Please copy each line of the data that includes the string "definition".

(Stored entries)
<<<<
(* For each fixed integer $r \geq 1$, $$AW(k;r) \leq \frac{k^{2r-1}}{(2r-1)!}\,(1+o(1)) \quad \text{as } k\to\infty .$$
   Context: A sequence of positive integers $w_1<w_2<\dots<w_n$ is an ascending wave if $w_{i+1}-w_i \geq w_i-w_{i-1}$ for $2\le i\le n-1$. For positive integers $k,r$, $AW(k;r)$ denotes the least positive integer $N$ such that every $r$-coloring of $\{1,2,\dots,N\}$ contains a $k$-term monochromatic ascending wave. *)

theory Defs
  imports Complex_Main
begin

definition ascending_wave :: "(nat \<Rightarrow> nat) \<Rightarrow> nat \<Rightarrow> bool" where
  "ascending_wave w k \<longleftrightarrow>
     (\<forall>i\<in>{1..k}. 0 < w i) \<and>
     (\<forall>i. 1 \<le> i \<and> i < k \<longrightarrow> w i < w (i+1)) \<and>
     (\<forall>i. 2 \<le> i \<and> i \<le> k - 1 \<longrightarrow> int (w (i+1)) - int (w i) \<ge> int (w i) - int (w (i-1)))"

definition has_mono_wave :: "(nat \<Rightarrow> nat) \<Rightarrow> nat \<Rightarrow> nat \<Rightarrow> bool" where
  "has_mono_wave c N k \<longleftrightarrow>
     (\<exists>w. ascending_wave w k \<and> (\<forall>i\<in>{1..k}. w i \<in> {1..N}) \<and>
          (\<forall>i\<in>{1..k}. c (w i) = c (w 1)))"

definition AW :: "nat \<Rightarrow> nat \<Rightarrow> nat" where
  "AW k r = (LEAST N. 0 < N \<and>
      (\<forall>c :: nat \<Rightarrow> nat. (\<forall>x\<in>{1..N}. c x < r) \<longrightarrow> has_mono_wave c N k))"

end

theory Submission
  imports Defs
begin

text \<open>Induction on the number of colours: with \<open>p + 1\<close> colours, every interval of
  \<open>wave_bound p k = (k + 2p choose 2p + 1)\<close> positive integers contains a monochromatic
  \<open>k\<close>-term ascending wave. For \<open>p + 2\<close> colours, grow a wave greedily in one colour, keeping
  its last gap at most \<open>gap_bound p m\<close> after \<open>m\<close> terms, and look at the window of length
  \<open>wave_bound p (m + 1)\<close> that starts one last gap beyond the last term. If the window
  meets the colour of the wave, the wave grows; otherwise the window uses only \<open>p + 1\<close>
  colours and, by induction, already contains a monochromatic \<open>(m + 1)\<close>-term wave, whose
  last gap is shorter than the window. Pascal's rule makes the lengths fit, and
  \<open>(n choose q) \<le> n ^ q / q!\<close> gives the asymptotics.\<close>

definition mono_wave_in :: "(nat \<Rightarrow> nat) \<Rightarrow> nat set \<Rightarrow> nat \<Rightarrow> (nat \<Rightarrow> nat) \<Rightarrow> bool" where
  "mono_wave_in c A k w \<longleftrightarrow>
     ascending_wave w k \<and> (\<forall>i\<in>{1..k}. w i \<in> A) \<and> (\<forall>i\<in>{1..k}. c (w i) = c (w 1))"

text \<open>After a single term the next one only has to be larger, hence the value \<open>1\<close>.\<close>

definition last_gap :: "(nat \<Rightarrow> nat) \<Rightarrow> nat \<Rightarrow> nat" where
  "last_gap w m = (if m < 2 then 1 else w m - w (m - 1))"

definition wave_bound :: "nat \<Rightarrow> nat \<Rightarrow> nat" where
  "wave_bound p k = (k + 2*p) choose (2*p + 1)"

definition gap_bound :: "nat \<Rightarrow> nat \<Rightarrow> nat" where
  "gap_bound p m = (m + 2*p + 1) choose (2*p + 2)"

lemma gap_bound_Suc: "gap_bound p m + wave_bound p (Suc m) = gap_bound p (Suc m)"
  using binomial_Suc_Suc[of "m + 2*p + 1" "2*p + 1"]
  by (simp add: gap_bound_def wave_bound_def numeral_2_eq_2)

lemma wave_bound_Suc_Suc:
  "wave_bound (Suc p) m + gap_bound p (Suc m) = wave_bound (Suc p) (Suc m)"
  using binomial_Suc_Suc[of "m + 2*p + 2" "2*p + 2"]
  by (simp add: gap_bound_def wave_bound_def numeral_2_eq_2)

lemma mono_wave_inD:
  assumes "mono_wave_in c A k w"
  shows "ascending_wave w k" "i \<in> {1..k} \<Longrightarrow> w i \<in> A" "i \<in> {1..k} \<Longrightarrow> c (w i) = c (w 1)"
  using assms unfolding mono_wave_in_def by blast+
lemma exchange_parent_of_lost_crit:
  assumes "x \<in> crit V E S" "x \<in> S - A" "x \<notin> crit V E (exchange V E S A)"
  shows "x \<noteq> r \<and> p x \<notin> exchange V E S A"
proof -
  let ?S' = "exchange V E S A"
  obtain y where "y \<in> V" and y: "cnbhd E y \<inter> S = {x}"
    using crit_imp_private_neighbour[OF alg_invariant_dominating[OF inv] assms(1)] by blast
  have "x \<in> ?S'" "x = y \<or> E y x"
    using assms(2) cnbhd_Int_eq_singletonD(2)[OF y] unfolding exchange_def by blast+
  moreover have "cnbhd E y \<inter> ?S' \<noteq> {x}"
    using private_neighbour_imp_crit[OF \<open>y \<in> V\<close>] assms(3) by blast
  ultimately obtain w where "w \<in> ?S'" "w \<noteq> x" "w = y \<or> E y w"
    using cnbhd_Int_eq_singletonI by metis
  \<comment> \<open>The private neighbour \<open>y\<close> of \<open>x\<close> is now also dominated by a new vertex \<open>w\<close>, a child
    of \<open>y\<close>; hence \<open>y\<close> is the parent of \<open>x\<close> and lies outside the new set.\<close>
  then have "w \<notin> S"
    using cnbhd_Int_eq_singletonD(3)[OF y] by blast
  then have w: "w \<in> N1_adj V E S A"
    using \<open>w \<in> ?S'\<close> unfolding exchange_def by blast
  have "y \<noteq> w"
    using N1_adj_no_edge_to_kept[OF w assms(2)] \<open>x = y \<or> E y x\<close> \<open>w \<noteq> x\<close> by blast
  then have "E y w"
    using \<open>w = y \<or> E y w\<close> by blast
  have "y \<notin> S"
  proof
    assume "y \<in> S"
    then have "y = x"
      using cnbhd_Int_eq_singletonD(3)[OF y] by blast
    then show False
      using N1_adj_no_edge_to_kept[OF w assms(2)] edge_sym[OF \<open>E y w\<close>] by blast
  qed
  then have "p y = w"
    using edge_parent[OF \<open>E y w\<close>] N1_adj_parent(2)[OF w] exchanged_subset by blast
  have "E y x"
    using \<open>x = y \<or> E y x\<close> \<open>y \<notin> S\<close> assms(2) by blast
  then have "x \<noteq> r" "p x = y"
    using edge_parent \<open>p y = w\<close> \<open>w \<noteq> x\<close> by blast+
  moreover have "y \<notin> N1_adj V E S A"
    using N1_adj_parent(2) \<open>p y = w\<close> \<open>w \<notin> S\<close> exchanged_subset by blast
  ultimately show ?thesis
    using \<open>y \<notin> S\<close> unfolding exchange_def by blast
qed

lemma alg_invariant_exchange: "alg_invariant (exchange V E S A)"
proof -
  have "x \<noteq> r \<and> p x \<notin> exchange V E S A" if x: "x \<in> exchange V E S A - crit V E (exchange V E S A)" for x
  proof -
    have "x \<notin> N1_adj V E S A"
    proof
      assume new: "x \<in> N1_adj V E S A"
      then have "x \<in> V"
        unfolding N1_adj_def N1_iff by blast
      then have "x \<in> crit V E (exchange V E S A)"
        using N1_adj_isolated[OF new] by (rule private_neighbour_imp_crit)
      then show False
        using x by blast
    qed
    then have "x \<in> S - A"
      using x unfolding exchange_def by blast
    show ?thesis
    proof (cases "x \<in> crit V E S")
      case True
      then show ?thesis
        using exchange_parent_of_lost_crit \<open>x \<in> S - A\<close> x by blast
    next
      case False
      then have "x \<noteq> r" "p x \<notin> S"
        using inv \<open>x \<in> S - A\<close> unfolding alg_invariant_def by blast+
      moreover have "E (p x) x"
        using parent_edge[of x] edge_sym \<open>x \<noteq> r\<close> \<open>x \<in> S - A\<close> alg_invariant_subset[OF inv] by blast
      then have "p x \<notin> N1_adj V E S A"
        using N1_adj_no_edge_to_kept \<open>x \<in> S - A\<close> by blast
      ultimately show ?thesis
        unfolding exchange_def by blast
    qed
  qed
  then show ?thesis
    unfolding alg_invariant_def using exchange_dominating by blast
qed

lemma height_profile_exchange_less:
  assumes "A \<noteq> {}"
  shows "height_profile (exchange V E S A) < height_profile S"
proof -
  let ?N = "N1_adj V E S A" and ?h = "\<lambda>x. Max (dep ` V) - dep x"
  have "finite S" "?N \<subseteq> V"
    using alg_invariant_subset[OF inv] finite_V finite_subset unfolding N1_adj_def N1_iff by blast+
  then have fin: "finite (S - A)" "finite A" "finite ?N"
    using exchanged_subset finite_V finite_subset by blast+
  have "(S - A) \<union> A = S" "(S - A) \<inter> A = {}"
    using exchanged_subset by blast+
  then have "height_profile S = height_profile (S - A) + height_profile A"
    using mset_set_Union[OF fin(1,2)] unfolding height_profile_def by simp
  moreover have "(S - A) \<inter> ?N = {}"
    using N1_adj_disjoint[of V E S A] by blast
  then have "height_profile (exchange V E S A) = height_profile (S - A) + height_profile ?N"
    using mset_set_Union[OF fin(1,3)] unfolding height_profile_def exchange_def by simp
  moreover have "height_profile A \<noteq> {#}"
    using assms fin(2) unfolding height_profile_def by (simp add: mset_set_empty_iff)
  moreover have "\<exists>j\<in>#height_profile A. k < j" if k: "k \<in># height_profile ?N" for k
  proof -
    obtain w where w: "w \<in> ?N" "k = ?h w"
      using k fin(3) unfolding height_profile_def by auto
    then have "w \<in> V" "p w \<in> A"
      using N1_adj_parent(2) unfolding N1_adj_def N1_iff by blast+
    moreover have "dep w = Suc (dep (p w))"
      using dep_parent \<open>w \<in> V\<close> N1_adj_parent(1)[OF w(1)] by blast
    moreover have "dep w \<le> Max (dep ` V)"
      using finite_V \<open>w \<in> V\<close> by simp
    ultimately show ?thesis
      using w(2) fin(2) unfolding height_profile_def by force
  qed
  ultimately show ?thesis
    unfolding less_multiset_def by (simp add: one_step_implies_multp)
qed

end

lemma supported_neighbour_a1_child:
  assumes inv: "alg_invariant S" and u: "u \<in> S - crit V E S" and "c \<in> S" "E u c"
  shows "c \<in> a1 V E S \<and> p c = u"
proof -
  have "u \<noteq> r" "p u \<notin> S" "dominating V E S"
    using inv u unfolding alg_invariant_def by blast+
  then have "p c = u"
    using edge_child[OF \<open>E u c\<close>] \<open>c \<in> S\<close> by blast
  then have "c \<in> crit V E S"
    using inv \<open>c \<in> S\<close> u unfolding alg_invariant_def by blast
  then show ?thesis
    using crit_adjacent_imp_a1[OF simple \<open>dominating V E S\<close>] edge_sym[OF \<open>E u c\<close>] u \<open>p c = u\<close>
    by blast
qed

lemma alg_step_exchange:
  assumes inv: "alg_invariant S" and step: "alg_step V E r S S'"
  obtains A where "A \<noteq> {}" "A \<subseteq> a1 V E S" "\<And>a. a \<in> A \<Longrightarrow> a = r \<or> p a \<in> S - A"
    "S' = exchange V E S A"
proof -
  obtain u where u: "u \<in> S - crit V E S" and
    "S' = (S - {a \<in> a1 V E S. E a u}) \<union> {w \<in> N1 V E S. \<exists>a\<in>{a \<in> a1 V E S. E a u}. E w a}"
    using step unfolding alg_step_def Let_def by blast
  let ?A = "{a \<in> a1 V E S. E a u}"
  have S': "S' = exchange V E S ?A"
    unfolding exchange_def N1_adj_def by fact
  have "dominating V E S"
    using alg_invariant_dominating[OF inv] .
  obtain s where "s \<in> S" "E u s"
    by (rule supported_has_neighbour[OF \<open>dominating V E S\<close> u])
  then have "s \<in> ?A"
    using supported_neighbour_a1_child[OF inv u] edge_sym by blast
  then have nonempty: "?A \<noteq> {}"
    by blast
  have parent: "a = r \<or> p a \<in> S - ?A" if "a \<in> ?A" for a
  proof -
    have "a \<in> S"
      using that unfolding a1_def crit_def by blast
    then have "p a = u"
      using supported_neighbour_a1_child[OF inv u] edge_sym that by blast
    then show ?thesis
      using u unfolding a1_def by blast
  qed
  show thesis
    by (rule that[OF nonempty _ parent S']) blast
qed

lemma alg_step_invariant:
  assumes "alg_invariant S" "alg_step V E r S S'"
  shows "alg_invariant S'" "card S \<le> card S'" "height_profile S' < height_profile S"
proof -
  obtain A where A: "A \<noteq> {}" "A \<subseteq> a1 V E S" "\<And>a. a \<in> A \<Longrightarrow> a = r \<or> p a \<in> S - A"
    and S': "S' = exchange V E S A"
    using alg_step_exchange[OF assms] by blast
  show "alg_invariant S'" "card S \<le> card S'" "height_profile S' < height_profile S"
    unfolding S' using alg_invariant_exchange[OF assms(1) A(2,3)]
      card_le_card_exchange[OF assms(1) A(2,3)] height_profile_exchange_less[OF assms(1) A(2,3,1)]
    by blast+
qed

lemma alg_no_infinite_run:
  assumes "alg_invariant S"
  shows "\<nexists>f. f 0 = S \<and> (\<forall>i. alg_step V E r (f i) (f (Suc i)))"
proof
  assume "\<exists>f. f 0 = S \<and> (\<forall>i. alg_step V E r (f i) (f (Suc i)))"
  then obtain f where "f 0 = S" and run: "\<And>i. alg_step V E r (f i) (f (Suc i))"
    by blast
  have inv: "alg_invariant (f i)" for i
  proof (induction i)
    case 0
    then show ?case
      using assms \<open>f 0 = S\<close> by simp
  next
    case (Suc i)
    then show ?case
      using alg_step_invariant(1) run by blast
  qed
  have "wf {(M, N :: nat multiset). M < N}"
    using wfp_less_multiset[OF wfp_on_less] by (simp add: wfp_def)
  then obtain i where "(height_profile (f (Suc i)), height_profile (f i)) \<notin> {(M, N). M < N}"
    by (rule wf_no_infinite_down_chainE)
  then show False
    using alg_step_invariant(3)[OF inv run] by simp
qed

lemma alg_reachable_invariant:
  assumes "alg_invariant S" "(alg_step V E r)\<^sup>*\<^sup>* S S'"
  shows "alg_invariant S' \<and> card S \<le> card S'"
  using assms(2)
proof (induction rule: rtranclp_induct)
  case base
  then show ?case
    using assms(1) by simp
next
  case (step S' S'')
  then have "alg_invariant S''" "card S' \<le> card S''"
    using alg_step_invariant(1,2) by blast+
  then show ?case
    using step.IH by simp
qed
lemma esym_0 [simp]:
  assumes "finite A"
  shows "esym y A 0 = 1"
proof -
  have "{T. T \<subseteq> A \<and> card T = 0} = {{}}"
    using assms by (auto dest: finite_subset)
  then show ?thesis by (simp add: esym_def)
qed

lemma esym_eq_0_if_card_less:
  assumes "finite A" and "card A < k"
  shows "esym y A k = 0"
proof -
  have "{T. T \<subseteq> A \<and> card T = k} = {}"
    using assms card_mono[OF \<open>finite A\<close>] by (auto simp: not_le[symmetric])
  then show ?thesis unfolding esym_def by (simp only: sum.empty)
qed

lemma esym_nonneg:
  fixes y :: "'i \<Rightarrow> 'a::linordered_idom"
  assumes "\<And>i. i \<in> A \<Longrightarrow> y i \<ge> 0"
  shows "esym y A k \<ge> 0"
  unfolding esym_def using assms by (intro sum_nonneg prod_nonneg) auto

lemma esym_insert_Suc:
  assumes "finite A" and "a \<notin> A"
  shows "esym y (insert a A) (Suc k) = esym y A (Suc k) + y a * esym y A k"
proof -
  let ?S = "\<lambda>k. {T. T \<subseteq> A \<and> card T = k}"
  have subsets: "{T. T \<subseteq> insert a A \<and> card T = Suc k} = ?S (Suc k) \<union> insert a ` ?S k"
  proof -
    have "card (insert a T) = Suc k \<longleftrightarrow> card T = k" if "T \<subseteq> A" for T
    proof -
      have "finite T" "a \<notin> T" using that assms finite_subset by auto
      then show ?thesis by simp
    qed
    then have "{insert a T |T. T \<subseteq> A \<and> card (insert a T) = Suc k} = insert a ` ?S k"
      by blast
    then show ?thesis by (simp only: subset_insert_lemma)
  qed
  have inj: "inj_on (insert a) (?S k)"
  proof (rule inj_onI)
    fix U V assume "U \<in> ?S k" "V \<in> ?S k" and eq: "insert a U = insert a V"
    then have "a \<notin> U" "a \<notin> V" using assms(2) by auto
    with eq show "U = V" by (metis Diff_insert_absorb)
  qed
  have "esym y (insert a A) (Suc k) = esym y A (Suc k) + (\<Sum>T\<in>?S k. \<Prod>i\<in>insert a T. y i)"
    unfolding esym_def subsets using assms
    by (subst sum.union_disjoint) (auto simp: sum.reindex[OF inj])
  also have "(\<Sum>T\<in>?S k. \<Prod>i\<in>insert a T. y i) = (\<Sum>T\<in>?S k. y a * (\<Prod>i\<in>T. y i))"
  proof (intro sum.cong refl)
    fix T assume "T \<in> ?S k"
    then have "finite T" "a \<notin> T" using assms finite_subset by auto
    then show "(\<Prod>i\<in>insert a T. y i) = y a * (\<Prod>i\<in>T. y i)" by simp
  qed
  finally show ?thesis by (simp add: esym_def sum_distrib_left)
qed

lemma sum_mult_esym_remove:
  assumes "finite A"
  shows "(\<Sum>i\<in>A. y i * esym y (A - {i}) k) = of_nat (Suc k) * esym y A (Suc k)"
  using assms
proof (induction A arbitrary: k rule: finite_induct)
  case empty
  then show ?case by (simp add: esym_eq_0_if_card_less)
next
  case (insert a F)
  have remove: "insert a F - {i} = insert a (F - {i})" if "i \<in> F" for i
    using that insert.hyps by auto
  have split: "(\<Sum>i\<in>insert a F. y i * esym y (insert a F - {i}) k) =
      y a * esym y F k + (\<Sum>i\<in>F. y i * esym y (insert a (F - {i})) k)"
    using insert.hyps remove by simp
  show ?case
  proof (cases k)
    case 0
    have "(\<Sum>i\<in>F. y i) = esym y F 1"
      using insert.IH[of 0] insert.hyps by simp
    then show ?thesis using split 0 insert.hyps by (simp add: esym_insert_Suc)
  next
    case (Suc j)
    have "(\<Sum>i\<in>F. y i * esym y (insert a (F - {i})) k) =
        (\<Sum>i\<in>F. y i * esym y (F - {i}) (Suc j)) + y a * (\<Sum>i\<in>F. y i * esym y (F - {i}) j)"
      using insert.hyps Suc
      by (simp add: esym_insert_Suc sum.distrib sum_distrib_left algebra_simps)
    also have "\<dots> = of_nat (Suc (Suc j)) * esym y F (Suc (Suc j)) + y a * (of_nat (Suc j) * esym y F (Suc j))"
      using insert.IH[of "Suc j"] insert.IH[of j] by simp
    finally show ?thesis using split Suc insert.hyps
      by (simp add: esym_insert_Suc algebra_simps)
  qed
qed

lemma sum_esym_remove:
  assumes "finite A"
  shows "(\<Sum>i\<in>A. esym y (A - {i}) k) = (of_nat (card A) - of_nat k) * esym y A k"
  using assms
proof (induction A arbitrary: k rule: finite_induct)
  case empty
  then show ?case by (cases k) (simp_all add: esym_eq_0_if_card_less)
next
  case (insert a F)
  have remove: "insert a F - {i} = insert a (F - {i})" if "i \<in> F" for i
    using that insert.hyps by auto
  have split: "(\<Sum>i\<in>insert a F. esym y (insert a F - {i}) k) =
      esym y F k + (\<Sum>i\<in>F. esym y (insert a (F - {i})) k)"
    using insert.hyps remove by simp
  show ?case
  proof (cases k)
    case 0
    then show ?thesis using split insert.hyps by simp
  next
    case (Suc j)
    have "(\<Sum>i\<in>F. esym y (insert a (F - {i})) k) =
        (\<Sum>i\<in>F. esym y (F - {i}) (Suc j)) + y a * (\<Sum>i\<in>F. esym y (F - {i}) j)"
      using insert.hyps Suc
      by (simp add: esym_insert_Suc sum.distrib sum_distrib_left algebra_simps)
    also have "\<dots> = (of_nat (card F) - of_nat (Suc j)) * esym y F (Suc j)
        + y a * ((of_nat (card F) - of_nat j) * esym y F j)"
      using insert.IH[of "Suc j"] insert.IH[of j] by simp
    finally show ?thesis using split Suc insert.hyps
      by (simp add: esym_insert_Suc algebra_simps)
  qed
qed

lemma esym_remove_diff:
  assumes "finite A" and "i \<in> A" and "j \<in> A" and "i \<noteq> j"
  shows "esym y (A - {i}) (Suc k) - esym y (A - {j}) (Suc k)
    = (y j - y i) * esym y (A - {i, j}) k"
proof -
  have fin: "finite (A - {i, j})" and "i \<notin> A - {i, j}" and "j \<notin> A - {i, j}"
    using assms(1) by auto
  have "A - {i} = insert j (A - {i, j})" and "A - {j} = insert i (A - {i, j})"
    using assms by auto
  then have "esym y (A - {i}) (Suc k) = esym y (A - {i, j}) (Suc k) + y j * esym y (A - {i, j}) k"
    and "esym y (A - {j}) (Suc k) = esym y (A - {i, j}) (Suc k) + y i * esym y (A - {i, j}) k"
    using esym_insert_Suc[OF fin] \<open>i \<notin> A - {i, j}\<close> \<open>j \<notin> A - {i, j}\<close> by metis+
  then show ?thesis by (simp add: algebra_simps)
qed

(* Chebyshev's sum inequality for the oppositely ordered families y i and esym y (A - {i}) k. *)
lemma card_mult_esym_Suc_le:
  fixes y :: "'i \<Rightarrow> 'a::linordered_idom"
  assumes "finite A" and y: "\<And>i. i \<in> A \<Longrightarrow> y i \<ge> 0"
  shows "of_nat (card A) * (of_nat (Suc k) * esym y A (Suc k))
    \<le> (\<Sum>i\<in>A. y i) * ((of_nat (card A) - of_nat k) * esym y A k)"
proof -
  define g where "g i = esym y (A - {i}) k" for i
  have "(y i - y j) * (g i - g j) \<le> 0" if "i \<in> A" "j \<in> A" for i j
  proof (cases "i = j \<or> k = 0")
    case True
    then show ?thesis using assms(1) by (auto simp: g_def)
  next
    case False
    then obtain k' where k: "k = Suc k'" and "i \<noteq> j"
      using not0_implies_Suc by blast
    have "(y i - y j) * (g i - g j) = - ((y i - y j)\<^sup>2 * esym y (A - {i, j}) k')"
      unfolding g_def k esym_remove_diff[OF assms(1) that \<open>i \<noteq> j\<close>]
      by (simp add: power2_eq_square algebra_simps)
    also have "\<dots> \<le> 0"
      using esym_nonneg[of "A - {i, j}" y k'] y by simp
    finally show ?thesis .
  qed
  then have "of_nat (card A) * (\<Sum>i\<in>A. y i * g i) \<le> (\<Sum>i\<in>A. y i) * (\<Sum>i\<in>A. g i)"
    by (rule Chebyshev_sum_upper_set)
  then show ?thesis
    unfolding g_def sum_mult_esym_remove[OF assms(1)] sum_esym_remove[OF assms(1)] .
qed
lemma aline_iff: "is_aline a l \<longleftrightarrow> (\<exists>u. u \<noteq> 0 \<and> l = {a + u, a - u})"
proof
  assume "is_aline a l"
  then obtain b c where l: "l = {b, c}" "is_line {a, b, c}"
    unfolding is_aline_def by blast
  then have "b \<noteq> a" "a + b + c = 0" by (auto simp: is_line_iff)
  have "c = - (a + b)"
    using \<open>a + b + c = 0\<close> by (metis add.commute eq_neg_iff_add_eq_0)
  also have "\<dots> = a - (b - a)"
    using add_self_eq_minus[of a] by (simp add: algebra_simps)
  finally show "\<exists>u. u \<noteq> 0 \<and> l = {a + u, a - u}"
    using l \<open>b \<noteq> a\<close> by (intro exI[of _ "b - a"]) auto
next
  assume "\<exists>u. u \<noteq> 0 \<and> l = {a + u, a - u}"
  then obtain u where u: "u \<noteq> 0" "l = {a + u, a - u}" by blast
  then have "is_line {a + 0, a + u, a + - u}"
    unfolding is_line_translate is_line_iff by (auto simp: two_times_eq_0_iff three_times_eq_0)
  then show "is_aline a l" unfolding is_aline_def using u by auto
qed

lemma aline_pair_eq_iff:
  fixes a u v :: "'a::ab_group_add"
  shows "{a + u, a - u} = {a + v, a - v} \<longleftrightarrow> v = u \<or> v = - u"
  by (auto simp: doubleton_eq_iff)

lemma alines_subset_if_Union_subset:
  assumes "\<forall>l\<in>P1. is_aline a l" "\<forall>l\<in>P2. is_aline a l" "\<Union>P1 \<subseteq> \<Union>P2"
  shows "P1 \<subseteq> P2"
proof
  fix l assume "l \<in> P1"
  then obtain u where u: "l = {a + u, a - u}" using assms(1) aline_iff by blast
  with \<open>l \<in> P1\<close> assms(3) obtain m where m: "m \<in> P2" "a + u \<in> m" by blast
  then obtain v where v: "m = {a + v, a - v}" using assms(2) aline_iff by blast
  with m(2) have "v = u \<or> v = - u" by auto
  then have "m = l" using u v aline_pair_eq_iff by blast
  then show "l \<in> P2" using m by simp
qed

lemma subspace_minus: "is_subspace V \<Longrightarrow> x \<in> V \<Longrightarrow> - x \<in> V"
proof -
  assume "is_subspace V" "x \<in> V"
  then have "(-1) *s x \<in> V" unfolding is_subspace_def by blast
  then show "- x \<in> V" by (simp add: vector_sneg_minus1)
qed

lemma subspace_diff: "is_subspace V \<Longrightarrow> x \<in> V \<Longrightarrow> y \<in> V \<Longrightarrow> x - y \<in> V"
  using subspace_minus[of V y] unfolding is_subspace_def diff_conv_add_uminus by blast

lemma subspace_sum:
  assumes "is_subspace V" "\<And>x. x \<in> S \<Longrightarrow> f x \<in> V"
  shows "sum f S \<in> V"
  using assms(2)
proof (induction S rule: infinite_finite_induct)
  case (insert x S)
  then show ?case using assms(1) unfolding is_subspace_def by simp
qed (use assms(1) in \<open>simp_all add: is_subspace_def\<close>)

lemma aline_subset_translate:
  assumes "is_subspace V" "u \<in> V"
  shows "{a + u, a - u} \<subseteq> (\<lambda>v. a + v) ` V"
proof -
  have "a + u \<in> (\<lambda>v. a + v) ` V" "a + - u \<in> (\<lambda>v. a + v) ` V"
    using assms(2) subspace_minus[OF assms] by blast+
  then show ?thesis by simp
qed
>>>>
- [Response area]
definition ascending_wave :: "(nat \<Rightarrow> nat) \<Rightarrow> nat \<Rightarrow> bool" where
definition has_mono_wave :: "(nat \<Rightarrow> nat) \<Rightarrow> nat \<Rightarrow> nat \<Rightarrow> bool" where
definition AW :: "nat \<Rightarrow> nat \<Rightarrow> nat" where
definition mono_wave_in :: "(nat \<Rightarrow> nat) \<Rightarrow> nat set \<Rightarrow> nat \<Rightarrow> (nat \<Rightarrow> nat) \<Rightarrow> bool" where
definition last_gap :: "(nat \<Rightarrow> nat) \<Rightarrow> nat \<Rightarrow> nat" where
definition wave_bound :: "nat \<Rightarrow> nat \<Rightarrow> nat" where
definition gap_bound :: "nat \<Rightarrow> nat \<Rightarrow> nat" where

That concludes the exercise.